Goal of the exercise.
Once you find the line with "v = (\<Sum>i\<in>UNIV. \<Sum>j\<in>UNIV." in the data that follows, repeat it and every line after it exactly, through the line with "i.e. of the".

Data records START

(* Let $M$ be an almost complex $2m$-manifold, let $J_0$ be an almost complex structure on $M$ and let $J_t=(I+L_t)J_0(I+L_t)^{-1}$, $t\in(-\epsilon,\epsilon)$, be a small deformation of $J_0$. Then for every $a\in(0,\epsilon)$ and every $x\in M$, \[ \operatorname{rk} N_{J_t}|_x \ge \max\{\operatorname{rk} N_{J_0}|_x,\ \operatorname{rk} N_{J_a}|_x\} \] for all $t\in[-a,a]$ except a finite number.
   Context: An almost complex structure is $J\in\mathrm{End}(TM)$ with $J^2=-\mathrm{id}$. A small deformation of $J_0$ is a family $J_t=(I+L_t)J_0(I+L_t)^{-1}$ where $L_t\in\mathrm{End}(TM)$, $L_tJ_0+J_0L_t=0$, $L_t=tL+o(t)$, and $L_t$ is a power series in $t$ (with smooth coefficients) convergent for $t\in(-\epsilon,\epsilon)$. The Nijenhuis tensor is $N_J(X,Y)=[JX,JY]-J[JX,Y]-J[X,JY]-[X,Y]$, and $\operatorname{rk}N_J|_x$ denotes the complex rank at $x$ of the complexified tensor $(N_J)^{\mathbb{C}}:TM^{\mathbb{C}}\otimes TM^{\mathbb{C}}\to TM^{\mathbb{C}}$ (equivalently, the rank at $x$ of $\pi^{0,2}\circ d:A^{1,0}\to A^{0,2}$). *)

theory Defs
  imports "HOL-Analysis.Analysis"
begin

text \<open>Local (chart) model: the manifold is an open set U of real^'n, tangent vectors are
elements of real^'n, endomorphism fields are matrix fields real^'n \<Rightarrow> real^'n^'n.\<close>

fun Ck_on :: "nat \<Rightarrow> (real^'n) set \<Rightarrow> (real^'n \<Rightarrow> real) \<Rightarrow> bool" where
  "Ck_on 0 U f = continuous_on U f"
| "Ck_on (Suc k) U f = ((\<forall>x\<in>U. f differentiable (at x)) \<and> continuous_on U f \<and>
      (\<forall>i. Ck_on k U (\<lambda>x. frechet_derivative f (at x) (axis i 1))))"

definition smooth_on :: "(real^'n) set \<Rightarrow> (real^'n \<Rightarrow> real) \<Rightarrow> bool" where
  "smooth_on U f \<longleftrightarrow> (\<forall>k. Ck_on k U f)"

definition smooth_mat_field :: "(real^'n) set \<Rightarrow> (real^'n \<Rightarrow> real^'n^'n) \<Rightarrow> bool" where
  "smooth_mat_field U A \<longleftrightarrow> (\<forall>i j. smooth_on U (\<lambda>x. A x $ i $ j))"

definition almost_complex_structure :: "(real^'n) set \<Rightarrow> (real^'n \<Rightarrow> real^'n^'n) \<Rightarrow> bool" where
  "almost_complex_structure U J \<longleftrightarrow> open U \<and> smooth_mat_field U J \<and>
     (\<forall>x\<in>U. J x ** J x = - mat 1)"

definition lie_bracket :: "(real^'n \<Rightarrow> real^'n) \<Rightarrow> (real^'n \<Rightarrow> real^'n) \<Rightarrow> real^'n \<Rightarrow> real^'n" where
  "lie_bracket X Y x = frechet_derivative Y (at x) (X x) - frechet_derivative X (at x) (Y x)"

definition nijenhuis_field ::
  "(real^'n \<Rightarrow> real^'n^'n) \<Rightarrow> (real^'n \<Rightarrow> real^'n) \<Rightarrow> (real^'n \<Rightarrow> real^'n) \<Rightarrow> real^'n \<Rightarrow> real^'n" where
  "nijenhuis_field J X Y x =
     lie_bracket (\<lambda>y. J y *v X y) (\<lambda>y. J y *v Y y) x
     - J x *v lie_bracket (\<lambda>y. J y *v X y) Y x
     - J x *v lie_bracket X (\<lambda>y. J y *v Y y) x
     - lie_bracket X Y x"

definition nijenhuis :: "(real^'n \<Rightarrow> real^'n^'n) \<Rightarrow> real^'n \<Rightarrow> real^'n \<Rightarrow> real^'n \<Rightarrow> real^'n" where
  "nijenhuis J x u v = nijenhuis_field J (\<lambda>_. u) (\<lambda>_. v) x"

definition nijenhuis_C :: "(real^'n \<Rightarrow> real^'n^'n) \<Rightarrow> real^'n \<Rightarrow> complex^'n \<Rightarrow> complex^'n \<Rightarrow> complex^'n" where
  "nijenhuis_C J x u v = (\<Sum>i\<in>UNIV. \<Sum>j\<in>UNIV.
      (u $ i * v $ j) *s (\<chi> k. complex_of_real (nijenhuis J x (axis i 1) (axis j 1) $ k)))"

text \<open>Complex rank at x of (N_J)^C : TM^C \<otimes> TM^C \<rightarrow> TM^C: complex dimension of its image,
i.e. of the complex span of all values N^C(u,v).\<close>
definition nijenhuis_rank :: "(real^'n \<Rightarrow> real^'n^'n) \<Rightarrow> real^'n \<Rightarrow> nat" where
  "nijenhuis_rank J x = vec.dim (range (\<lambda>(u, v). nijenhuis_C J x u v))"

definition deformed :: "(real^'n \<Rightarrow> real^'n^'n) \<Rightarrow> (real^'n \<Rightarrow> real^'n^'n) \<Rightarrow> real^'n \<Rightarrow> real^'n^'n" where
  "deformed J0 Lt x = (mat 1 + Lt x) ** J0 x ** matrix_inv (mat 1 + Lt x)"

end

(*
  The Nijenhuis tensor of J_t at x is a polynomial expression in the entries of
  L_t(x), of the first derivatives of L_t at x and of (1 + L_t(x))^-1. The first two are convergent
  power series in t, so they extend holomorphically to the disc of radius eps; the inverse extends
  holomorphically to the component S of the set where det (1 + L_t(x)) does not vanish that contains
  the real interval. Hence the values N_{J_t}(e_i, e_j) at x form a holomorphic family on the
  connected open set S.
  Choose t0 in [-a, a] where the rank is maximal, complete a basis of the span of these values at
  t0 by constant vectors, and take the determinant of the resulting square matrix as a function
  of t. It is holomorphic on S and nonzero at t0, so by the identity theorem it has only finitely
  many zeros on the compact interval [-a, a]; off these zeros the rank is at least the maximum,
  in particular at least the ranks at t = 0 (where J_t = J_0) and at t = a.
*)
theory Submission
  imports Defs "HOL-Complex_Analysis.Complex_Analysis"
begin

no_notation fps_nth (infixl \<open>$\<close> 75)

section \<open>Matrix algebra\<close>

lemma matrix_inv_inverse:
  assumes "invertible A"
  shows matrix_inv_right: "A ** matrix_inv A = mat 1"
    and matrix_inv_left: "matrix_inv A ** A = mat 1"
  using someI_ex[OF assms[unfolded invertible_def]] unfolding matrix_inv_def by auto

lemma matrix_inv_mat_1: "matrix_inv (mat 1 :: 'a::semiring_1^'n^'n) = mat 1"
proof -
  have "invertible (mat 1 :: 'a^'n^'n)"
    unfolding invertible_def by (rule exI[of _ "mat 1"]) simp
  from matrix_inv_right[OF this] show ?thesis by simp
qed

lemma matrix_inv_cramer:
  fixes A :: "'a::field^'n^'n"
  assumes "invertible A"
  shows "matrix_inv A $ k $ j = det (\<chi> i l. if l = k then axis j 1 $ i else A $ i $ l) / det A"
proof -
  have "A *v (matrix_inv A *v axis j 1) = axis j 1"
    using matrix_inv_right[OF assms] by (simp add: matrix_vector_mul_assoc)
  then have "matrix_inv A *v axis j 1 = (\<chi> k. det (\<chi> i l. if l = k then axis j 1 $ i else A $ i $ l) / det A)"
    using cramer[of A] invertible_det_nz[of A] assms by blast
  moreover have "(matrix_inv A *v axis j 1) $ k = matrix_inv A $ k $ j"
    by (simp add: matrix_vector_mult_def axis_def if_distrib cong: if_cong)
  ultimately show ?thesis by simp
qed

lemma matrix_mul_minus_right: "(A::'a::ring_1^'n^'m) ** (- B) = - (A ** B)"
  by (simp add: vec_eq_iff matrix_matrix_mult_def sum_negf)

lemma of_real_det: "complex_of_real (det A) = det (\<chi> i j. complex_of_real (A $ i $ j))"
  unfolding det_def by (simp add: of_real_sum of_real_prod)

lemma det_nonzero_if_rows_span:
  fixes A :: "'a::field^'n^'n"
  assumes "vec.span (rows A) = UNIV"
  shows "det A \<noteq> 0"
proof -
  obtain B :: "'a^'n^'n" where "B ** A = mat 1"
    using assms matrix_left_invertible_span_rows_gen by blast
  then have "invertible A"
    unfolding invertible_def using matrix_left_right_inverse by blast
  then show ?thesis
    by (simp add: invertible_det_nz)
qed

lemma nonsingular_completion_of_span:
  fixes w :: "'p \<Rightarrow> 'a::field^'n"
  obtains K q c where "card K = vec.dim (range w)"
    and "det (\<chi> k. if k \<in> K then w (q k) else c k) \<noteq> 0"
proof -
  obtain B0 where B0: "B0 \<subseteq> range w" "vec.independent B0" "card B0 = vec.dim (range w)"
    using vec.basis_exists[of "range w"] by metis
  obtain B where B: "B0 \<subseteq> B" "vec.independent B" "vec.span B = UNIV"
    using vec.maximal_independent_subset_extend[OF subset_UNIV B0(2)] by (metis top.extremum_unique)
  have "card B = CARD('n)"
    using vec.basis_card_eq_dim[of B UNIV] B vec_dim_card by simp
  then obtain \<beta> where \<beta>: "bij_betw \<beta> (UNIV :: 'n set) B"
    using finite_same_card_bij[of "UNIV :: 'n set" B] B(2) vec.finiteI_independent by auto
  define K where "K = \<beta> -` B0"
  define q where "q k = (SOME p. w p = \<beta> k)" for k
  have q: "w (q k) = \<beta> k" if "k \<in> K" for k
  proof -
    have "\<exists>p. w p = \<beta> k"
      using that B0(1) unfolding K_def by (metis imageE subsetD vimageE)
    then show ?thesis
      unfolding q_def by (rule someI_ex)
  qed
  have "card K = card B0"
    unfolding K_def using \<beta> B(1) by (intro card_vimage_inj) (auto simp: bij_betw_def)
  moreover have "(\<chi> k. if k \<in> K then w (q k) else \<beta> k) = (\<chi> k. \<beta> k)"
    using q by (simp add: vec_eq_iff)
  moreover have "rows (\<chi> k. \<beta> k) = B"
    using \<beta> unfolding rows_def row_def bij_betw_def by (simp add: vec_lambda_eta full_SetCompr_eq)
  ultimately show ?thesis
    using that[of K q \<beta>] B0(3) B(3) det_nonzero_if_rows_span[of "\<chi> k. \<beta> k"] by simp
qed

lemma card_le_dim_if_det_nonzero:
  fixes w :: "'p \<Rightarrow> 'a::field^'n"
  assumes "det (\<chi> k. if k \<in> K then w (q k) else c k) \<noteq> 0" (is "det ?M \<noteq> 0")
  shows "card K \<le> vec.dim (range w)"
proof -
  define f where "f k = (if k \<in> K then w (q k) else c k)" for k
  have row: "row k ?M = f k" for k
    by (simp add: row_def f_def vec_eq_iff)
  have "inj f"
  proof (rule injI, rule ccontr)
    fix i j assume "f i = f j" "i \<noteq> j"
    then show False
      using det_identical_rows[of i j ?M] assms by (simp add: row)
  qed
  moreover have "vec.independent (rows ?M)"
    using det_dependent_rows[of ?M] assms by blast
  then have "vec.independent (f ` K)"
    by (rule vec.independent_mono) (auto simp: rows_def row)
  moreover have "f ` K \<subseteq> range w"
    by (auto simp: f_def)
  ultimately have "card (f ` K) \<le> vec.dim (range w)"
    using vec.independent_card_le_dim by blast
  then show ?thesis
    using card_image[OF inj_on_subset[OF \<open>inj f\<close> subset_UNIV]] by simp
qed

lemma linear_axis_expansion:
  fixes f :: "real^'n \<Rightarrow> 'b::real_vector"
  assumes "linear f"
  shows "f h = (\<Sum>l\<in>UNIV. h $ l *\<^sub>R f (axis l 1))"
proof -
  have "f h = f (\<Sum>l\<in>UNIV. h $ l *\<^sub>R axis l 1)"
    using basis_expansion[of h] by (simp add: scalar_mult_eq_scaleR)
  also have "\<dots> = (\<Sum>l\<in>UNIV. h $ l *\<^sub>R f (axis l 1))"
    using assms by (simp add: linear_sum linear_scale o_def)
  finally show ?thesis .
qed

section \<open>Holomorphic extensions of real-parameter families\<close>

text \<open>Stands in for real analyticity in the parameter t: only the real points of the open set S
  are constrained.\<close>

definition holo_ext :: "complex set \<Rightarrow> (real \<Rightarrow> complex) \<Rightarrow> bool" where
  "holo_ext S f \<longleftrightarrow>
     (\<exists>h. h holomorphic_on S \<and> (\<forall>t. complex_of_real t \<in> S \<longrightarrow> h (of_real t) = f t))"

lemma holo_ext_const: "holo_ext S (\<lambda>t. c)"
  unfolding holo_ext_def by (rule exI[of _ "\<lambda>_. c"]) auto

lemma holo_ext_add: "holo_ext S f \<Longrightarrow> holo_ext S g \<Longrightarrow> holo_ext S (\<lambda>t. f t + g t)"
  unfolding holo_ext_def by (metis (no_types, lifting) holomorphic_on_add)

lemma holo_ext_diff: "holo_ext S f \<Longrightarrow> holo_ext S g \<Longrightarrow> holo_ext S (\<lambda>t. f t - g t)"
  unfolding holo_ext_def by (metis (no_types, lifting) holomorphic_on_diff)

lemma holo_ext_mult: "holo_ext S f \<Longrightarrow> holo_ext S g \<Longrightarrow> holo_ext S (\<lambda>t. f t * g t)"
  unfolding holo_ext_def by (metis (no_types, lifting) holomorphic_on_mult)

lemma holo_ext_sum:
  "finite I \<Longrightarrow> (\<And>i. i \<in> I \<Longrightarrow> holo_ext S (f i)) \<Longrightarrow> holo_ext S (\<lambda>t. \<Sum>i\<in>I. f i t)"
  by (induction I rule: finite_induct) (auto intro: holo_ext_add holo_ext_const)

lemma holo_ext_prod:
  "finite I \<Longrightarrow> (\<And>i. i \<in> I \<Longrightarrow> holo_ext S (f i)) \<Longrightarrow> holo_ext S (\<lambda>t. \<Prod>i\<in>I. f i t)"
  by (induction I rule: finite_induct) (auto intro: holo_ext_mult holo_ext_const)

lemma holo_ext_subset: "holo_ext S f \<Longrightarrow> T \<subseteq> S \<Longrightarrow> holo_ext T f"
  unfolding holo_ext_def by (meson holomorphic_on_subset subsetD)

lemma holo_ext_cong:
  "holo_ext S f \<Longrightarrow> (\<And>t. complex_of_real t \<in> S \<Longrightarrow> f t = g t) \<Longrightarrow> holo_ext S g"
  unfolding holo_ext_def by metis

Data records END

Exercise answer.
  "nijenhuis_C J x u v = (\<Sum>i\<in>UNIV. \<Sum>j\<in>UNIV.
      (u $ i * v $ j) *s (\<chi> k. complex_of_real (nijenhuis J x (axis i 1) (axis j 1) $ k)))"

text \<open>Complex rank at x of (N_J)^C : TM^C \<otimes> TM^C \<rightarrow> TM^C: complex dimension of its image,
i.e. of the complex span of all values N^C(u,v).\<close>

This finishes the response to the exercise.